Indeed. It's probably both.

Faking pictures is easy, and click bait sites make money from weird photos.

Everyone carries a phone that can take pictures; If they see something that looks a bit odd, they'll likely photograph it, and the way cameras on phones work can lead to odd effects when capturing moving objects (and SLR cameras can do odd things too).

Click-bait sites like those in your links are collecting real-but-coincidental; real-but-oddly effected by shutter movement and/or image processing; and fake-but-convincing pictures, and using the human tendency to notice oddness to amplify the WTF factor (one coincidence is strange, thirty are stranger still) but to ignore the aggregation of strangeness (this website is a collection of a few dozen weird photos, but to get these, a few billion photos were taken).

It's called "confirmation bias". We are excited by the few dozen photos that seem to support our hypothesis, while utterly disregarding the literally billions of photos that don't support it at all.

A one in a million coincidence, in a world of eight billion people, happens 8,000 times every single day. A few dozen photos of such coincidences are to be expected. I am a bit surprised that these are all (or the best) that click-bait sites can find.
 
I am a bit surprised that these are all (or the best) that click-bait sites can find.
Here's some more:

I guess lately it is becoming possible for any kind of photo or video of a glitch in the Matrix to be faked using AI.
 
Humans evolved in small groups. The expected number of one in a million events happening to you, or one of the two hundred people you know, in your entire lifetime of 365x70 days is about 5, and that's your baseline for "OMFG, that's AMAZING!!"

The number of one in a million events that will happen to a person somewhere in the world today is about 8000. If they have Internet connections (and over 70% of people do), you should expect an "OMFG, that's AMAZING!!" to be posted online about 6,000 times a day, before you even consider fakes, frauds, and scams.

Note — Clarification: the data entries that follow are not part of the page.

(* Let $C\subseteq[n]$ be a nonempty proper subset and let $\ket{\psi}=\ket{a}_C\otimes\ket{b}_{\overline{C}}$ be an $n$-qubit state, where $\ket{a}_C$ and $\ket{b}_{\overline{C}}$ are each $\epsilon$-far from every multipartite product state. There is an algorithm (not necessarily time-efficient) which, given $m=O(n/\epsilon^2)$ copies of $\ket{\psi}$, identifies the cut $C$ (i.e. outputs $C$ or $\overline{C}$) with probability at least $99\%$.
   Context: A state on a set $Q$ of qubits is multipartite product if it equals $\ket{a'}_D\otimes\ket{b'}_{Q\setminus D}$ for some nonempty proper $D\subsetneq Q$; a pure state $\ket{\phi}$ is $\epsilon$-far from a set $\mathcal{P}$ if $|\langle\phi|\chi\rangle|^2\le1-\epsilon^2$ for all $\ket{\chi}\in\mathcal{P}$. $\overline{C}=[n]\setminus C$. *)

theory Defs
  imports "HOL-Analysis.Analysis"
begin

text \<open>The computational basis of Q is
indexed by subsets x of Q (x = set of qubits in state 1). A state is a function
from basis labels to amplitudes; only its values on Pow Q matter.\<close>

definition qinner :: "nat set \<Rightarrow> (nat set \<Rightarrow> complex) \<Rightarrow> (nat set \<Rightarrow> complex) \<Rightarrow> complex" where
  "qinner Q \<phi> \<xi> = (\<Sum>x\<in>Pow Q. cnj (\<phi> x) * \<xi> x)"

definition qstate :: "nat set \<Rightarrow> (nat set \<Rightarrow> complex) \<Rightarrow> bool" where
  "qstate Q \<phi> \<longleftrightarrow> (\<Sum>x\<in>Pow Q. (cmod (\<phi> x))\<^sup>2) = 1"

definition qtensor :: "nat set \<Rightarrow> nat set \<Rightarrow> (nat set \<Rightarrow> complex) \<Rightarrow> (nat set \<Rightarrow> complex) \<Rightarrow> (nat set \<Rightarrow> complex)" where
  "qtensor D E a b = (\<lambda>x. a (x \<inter> D) * b (x \<inter> E))"

definition mp_product :: "nat set \<Rightarrow> (nat set \<Rightarrow> complex) \<Rightarrow> bool" where
  "mp_product Q \<xi> \<longleftrightarrow> (\<exists>D a' b'. D \<noteq> {} \<and> D \<subset> Q \<and> qstate D a' \<and> qstate (Q - D) b' \<and>
      (\<forall>x\<in>Pow Q. \<xi> x = qtensor D (Q - D) a' b' x))"

definition eps_far_mp :: "nat set \<Rightarrow> real \<Rightarrow> (nat set \<Rightarrow> complex) \<Rightarrow> bool" where
  "eps_far_mp Q \<epsilon> \<phi> \<longleftrightarrow> (\<forall>\<xi>. qstate Q \<xi> \<and> mp_product Q \<xi> \<longrightarrow> (cmod (qinner Q \<phi> \<xi>))\<^sup>2 \<le> 1 - \<epsilon>\<^sup>2)"

definition copies_basis :: "nat \<Rightarrow> nat \<Rightarrow> nat set list set" where
  "copies_basis n m = {xs. length xs = m \<and> set xs \<subseteq> Pow {..<n}}"

definition tensor_pow :: "(nat set \<Rightarrow> complex) \<Rightarrow> nat set list \<Rightarrow> complex" where
  "tensor_pow \<psi> xs = prod_list (map \<psi> xs)"

definition qform :: "'b set \<Rightarrow> ('b \<Rightarrow> 'b \<Rightarrow> complex) \<Rightarrow> ('b \<Rightarrow> complex) \<Rightarrow> complex" where
  "qform B M v = (\<Sum>x\<in>B. \<Sum>y\<in>B. cnj (v x) * M x y * v y)"

definition psd_op :: "'b set \<Rightarrow> ('b \<Rightarrow> 'b \<Rightarrow> complex) \<Rightarrow> bool" where
  "psd_op B M \<longleftrightarrow> (\<forall>v. Im (qform B M v) = 0 \<and> 0 \<le> Re (qform B M v))"

definition is_povm :: "'b set \<Rightarrow> 'oc set \<Rightarrow> ('oc \<Rightarrow> 'b \<Rightarrow> 'b \<Rightarrow> complex) \<Rightarrow> bool" where
  "is_povm B Out M \<longleftrightarrow> (\<forall>oc\<in>Out. psd_op B (M oc)) \<and>
     (\<forall>x\<in>B. \<forall>y\<in>B. (\<Sum>oc\<in>Out. M oc x y) = (if x = y then 1 else 0))"

end

theory Submission
  imports Defs
begin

Your brain (and mine) evolved such that it is primed to make the cognitive error of assigning huge significance to these very rare events, when they are widely reported. But it is a cognitive error; These coincidences are, mathematically, insignificant. They mean nothing.

Your brain asseses them as significant, because it expects to hear such things once every decade or two, but it actually hears them every single time you go online - there are several such rarities being posted, every minute, of every day.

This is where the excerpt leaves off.